*Required work*
What you give back should be only the lines from the one holding "theory Submission" through the final line of the records, each reproduced exactly.

───── Records for the exercise

(* Let $f\in U^N_{\rm per}(\epsilon\mathbb Z)$ with $\langle f\rangle_X=0$, assume $0<c_\psi\le\psi\le C_\psi$ and $N/p\in\mathbb N$, and let $u$, $u^0$, $\chi$ be the solutions of the atomistic problem, the homogenized problem and the cell problem. Then the corrector $u^{\rm c}$ belongs to $U^N_{\rm per}(\epsilon\mathbb Z)$ and, with the two-scale function $w(X_i,Y_j)=\chi(X_i,Y_j)Du^0(X_i)$, \[ |\langle u^{\rm c}\rangle_X|\le\epsilon^2\frac p2\|D_Xw\|_{L^1(N,p)},\qquad |u^{\rm c}-u|_{H^1}\le\epsilon\frac{C_\psi}{c_\psi}\|D_XT_Yw\|_{L^2(N)}. \]
   Context: Let $\epsilon>0$ and $N,p$ positive integers; $X_i=\epsilon i$, $Y_j=j$. $U^N_{\rm per}(\epsilon\mathbb Z)$: functions $u:\epsilon\mathbb Z\to\mathbb R$ with $u(X_{i+N})=u(X_i)$; $U^N_\#(\epsilon\mathbb Z)$: those with $\langle u\rangle_X:=\frac1N\sum_{i=1}^Nu(X_i)=0$. $\langle u,v\rangle_X=\frac1N\sum_{i=1}^Nu(X_i)v(X_i)$, $Du(X_i)=(u(X_{i+1})-u(X_i))/\epsilon$, $|u|_{H^1}=(\frac1N\sum_{i=1}^N|Du(X_i)|^2)^{1/2}$. Two-scale functions $g:\epsilon\mathbb Z\times\mathbb Z\to\mathbb R$ satisfy $g(X_{i+N},Y_j)=g(X_i,Y_j)=g(X_i,Y_{j+p})$; $D_Xg(X_i,Y_j)=(g(X_{i+1},Y_j)-g(X_i,Y_j))/\epsilon$, $D_Yg(X_i,Y_j)=g(X_i,Y_{j+1})-g(X_i,Y_j)$, $T_Yg(X_i,Y_j)=g(X_i,Y_{j+1})$, $\langle g\rangle_Y(X_i)=\frac1p\sum_{j=1}^pg(X_i,Y_j)$, $\|g\|_{L^1(N,p)}=\frac1{Np}\sum_{i=1}^N\sum_{j=1}^p|g(X_i,Y_j)|$, and $\|g\|_{L^2(N)}=(\frac1N\sum_{i=1}^N|g(X_i,Y_i)|^2)^{1/2}$ (norm of the restriction to the diagonal $Y=X/\epsilon$). $\psi$ is a two-scale function; $\psi^\epsilon(X_i)=\psi(X_i,X_i/\epsilon)$; $\psi^0(X_i)=\langle1/\psi(X_i,\cdot)\rangle_Y^{-1}$. Cell problem: $\chi$ two-scale with $\langle\chi(X_i,\cdot)\rangle_Y=0$ and $-D_Y(\psi D_Y\chi)=D_Y\psi$ everywhere. Atomistic problem: $u\in U^N_\#(\epsilon\mathbb Z)$ with $\langle\psi^\epsilon Du,Dv\rangle_X=\langle f,v\rangle_X$ for all $v\in U^N_{\rm per}(\epsilon\mathbb Z)$. Homogenized problem: $u^0\in U^N_\#(\epsilon\mathbb Z)$ with $\langle\psi^0Du^0,Dv\rangle_X=\langle f,v\rangle_X$ for all $v\in U^N_{\rm per}(\epsilon\mathbb Z)$. Corrector: $u^{\rm c}(X_i)=u^0(X_i)+\epsilon\chi(X_i,X_i/\epsilon)Du^0(X_i)$. *)

theory Defs
  imports Complex_Main
begin

(* Lattice functions u : eps*Z -> R are represented as  u :: int => real  with
   u i = u(X_i), X_i = eps*i.  Two-scale functions g : eps*Z x Z -> R are
   represented as  g :: int => int => real  with  g i j = g(X_i, Y_j), Y_j = j. *)

definition per :: "nat \<Rightarrow> (int \<Rightarrow> real) \<Rightarrow> bool" where
  "per N u \<longleftrightarrow> (\<forall>i. u (i + int N) = u i)"

definition avgX :: "nat \<Rightarrow> (int \<Rightarrow> real) \<Rightarrow> real" where
  "avgX N u = (\<Sum>i\<in>{1..int N}. u i) / real N"

definition ipX :: "nat \<Rightarrow> (int \<Rightarrow> real) \<Rightarrow> (int \<Rightarrow> real) \<Rightarrow> real" where
  "ipX N u v = (\<Sum>i\<in>{1..int N}. u i * v i) / real N"

definition Dd :: "real \<Rightarrow> (int \<Rightarrow> real) \<Rightarrow> int \<Rightarrow> real" where
  "Dd eps u i = (u (i + 1) - u i) / eps"

definition H1semi :: "real \<Rightarrow> nat \<Rightarrow> (int \<Rightarrow> real) \<Rightarrow> real" where
  "H1semi eps N u = sqrt ((\<Sum>i\<in>{1..int N}. (Dd eps u i)\<^sup>2) / real N)"

definition twoscale :: "nat \<Rightarrow> nat \<Rightarrow> (int \<Rightarrow> int \<Rightarrow> real) \<Rightarrow> bool" where
  "twoscale N p g \<longleftrightarrow> (\<forall>i j. g (i + int N) j = g i j \<and> g i (j + int p) = g i j)"

definition DX :: "real \<Rightarrow> (int \<Rightarrow> int \<Rightarrow> real) \<Rightarrow> int \<Rightarrow> int \<Rightarrow> real" where
  "DX eps g i j = (g (i + 1) j - g i j) / eps"

definition DY :: "(int \<Rightarrow> int \<Rightarrow> real) \<Rightarrow> int \<Rightarrow> int \<Rightarrow> real" where
  "DY g i j = g i (j + 1) - g i j"

definition TY :: "(int \<Rightarrow> int \<Rightarrow> real) \<Rightarrow> int \<Rightarrow> int \<Rightarrow> real" where
  "TY g i j = g i (j + 1)"

definition avgY :: "nat \<Rightarrow> (int \<Rightarrow> int \<Rightarrow> real) \<Rightarrow> int \<Rightarrow> real" where
  "avgY p g i = (\<Sum>j\<in>{1..int p}. g i j) / real p"

definition L1Np :: "nat \<Rightarrow> nat \<Rightarrow> (int \<Rightarrow> int \<Rightarrow> real) \<Rightarrow> real" where
  "L1Np N p g = (\<Sum>i\<in>{1..int N}. \<Sum>j\<in>{1..int p}. \<bar>g i j\<bar>) / (real N * real p)"

(* norm of the restriction to the diagonal Y = X/eps, i.e. Y_i at X_i *)
definition L2N :: "nat \<Rightarrow> (int \<Rightarrow> int \<Rightarrow> real) \<Rightarrow> real" where
  "L2N N g = sqrt ((\<Sum>i\<in>{1..int N}. (g i i)\<^sup>2) / real N)"

(* psi^eps(X_i) = psi(X_i, X_i/eps) = psi(X_i, Y_i) *)
definition osc :: "(int \<Rightarrow> int \<Rightarrow> real) \<Rightarrow> int \<Rightarrow> real" where
  "osc g i = g i i"

definition hom_coeff :: "nat \<Rightarrow> (int \<Rightarrow> int \<Rightarrow> real) \<Rightarrow> int \<Rightarrow> real" where
  "hom_coeff p psi i = 1 / avgY p (\<lambda>i j. 1 / psi i j) i"

definition cell_problem :: "nat \<Rightarrow> nat \<Rightarrow> (int \<Rightarrow> int \<Rightarrow> real) \<Rightarrow> (int \<Rightarrow> int \<Rightarrow> real) \<Rightarrow> bool" where
  "cell_problem N p psi chi \<longleftrightarrow> twoscale N p chi \<and> (\<forall>i. avgY p chi i = 0) \<and>
     (\<forall>i j. - DY (\<lambda>i j. psi i j * DY chi i j) i j = DY psi i j)"

definition atomistic_sol :: "real \<Rightarrow> nat \<Rightarrow> (int \<Rightarrow> real) \<Rightarrow> (int \<Rightarrow> real) \<Rightarrow> (int \<Rightarrow> real) \<Rightarrow> bool" where
  "atomistic_sol eps N a f u \<longleftrightarrow> per N u \<and> avgX N u = 0 \<and>
     (\<forall>v. per N v \<longrightarrow> ipX N (\<lambda>i. a i * Dd eps u i) (Dd eps v) = ipX N f v)"

definition corrector :: "real \<Rightarrow> (int \<Rightarrow> int \<Rightarrow> real) \<Rightarrow> (int \<Rightarrow> real) \<Rightarrow> int \<Rightarrow> real" where
  "corrector eps chi u0 i = u0 i + eps * chi i i * Dd eps u0 i"

end

theory Submission
  imports Defs "HOL-Analysis.Convex"
begin

(* The corrector is N-periodic because chi is periodic in both variables and p divides N.

   Mean: w = chi Du0 has zero mean over each fast period, so the p shifted diagonal sums
   sum_i w(i - k, i), 0 <= k < p, add up to zero, and so do their translates by p in X.
   Subtracting both from 2p times the diagonal sum compares each w(i, i) with the endpoints
   of an X-window of length p containing i; bounding this by the variation of w(., i) over
   the window counts every X-difference of w exactly p times.

   Energy: the cell problem makes the flux psi (1 + D_Y chi) constant in Y, hence equal to
   psi0. So psi^eps D(uc - u) = psi0 Du0 - psi^eps Du + eps psi^eps D_X T_Y w on the diagonal;
   testing both weak formulations with uc - u removes the first two terms, and Cauchy-Schwarz
   with c_psi <= psi <= C_psi gives the H1 bound. *)

lemma periodic_add_mult:
  fixes h :: "int \<Rightarrow> 'a"
  assumes "\<And>x. h (x + n) = h x"
  shows "h (x + k * n) = h x"
proof (induction k rule: int_induct[where k = 0])
  case (step1 k)
  then show ?case using assms[of "x + k * n"] by (simp add: algebra_simps)
next
  case (step2 k)
  then show ?case using assms[of "x + (k - 1) * n"] by (simp add: algebra_simps)
qed simp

──────────

*Result of the exercise*
theory Submission
  imports Defs "HOL-Analysis.Convex"
begin

(* The corrector is N-periodic because chi is periodic in both variables and p divides N.

   Mean: w = chi Du0 has zero mean over each fast period, so the p shifted diagonal sums
   sum_i w(i - k, i), 0 <= k < p, add up to zero, and so do their translates by p in X.
   Subtracting both from 2p times the diagonal sum compares each w(i, i) with the endpoints
   of an X-window of length p containing i; bounding this by the variation of w(., i) over
   the window counts every X-difference of w exactly p times.

   Energy: the cell problem makes the flux psi (1 + D_Y chi) constant in Y, hence equal to
   psi0. So psi^eps D(uc - u) = psi0 Du0 - psi^eps Du + eps psi^eps D_X T_Y w on the diagonal;
   testing both weak formulations with uc - u removes the first two terms, and Cauchy-Schwarz
   with c_psi <= psi <= C_psi gives the H1 bound. *)

lemma periodic_add_mult:
  fixes h :: "int \<Rightarrow> 'a"
  assumes "\<And>x. h (x + n) = h x"
  shows "h (x + k * n) = h x"
proof (induction k rule: int_induct[where k = 0])
  case (step1 k)
  then show ?case using assms[of "x + k * n"] by (simp add: algebra_simps)
next
  case (step2 k)
  then show ?case using assms[of "x + (k - 1) * n"] by (simp add: algebra_simps)
qed simp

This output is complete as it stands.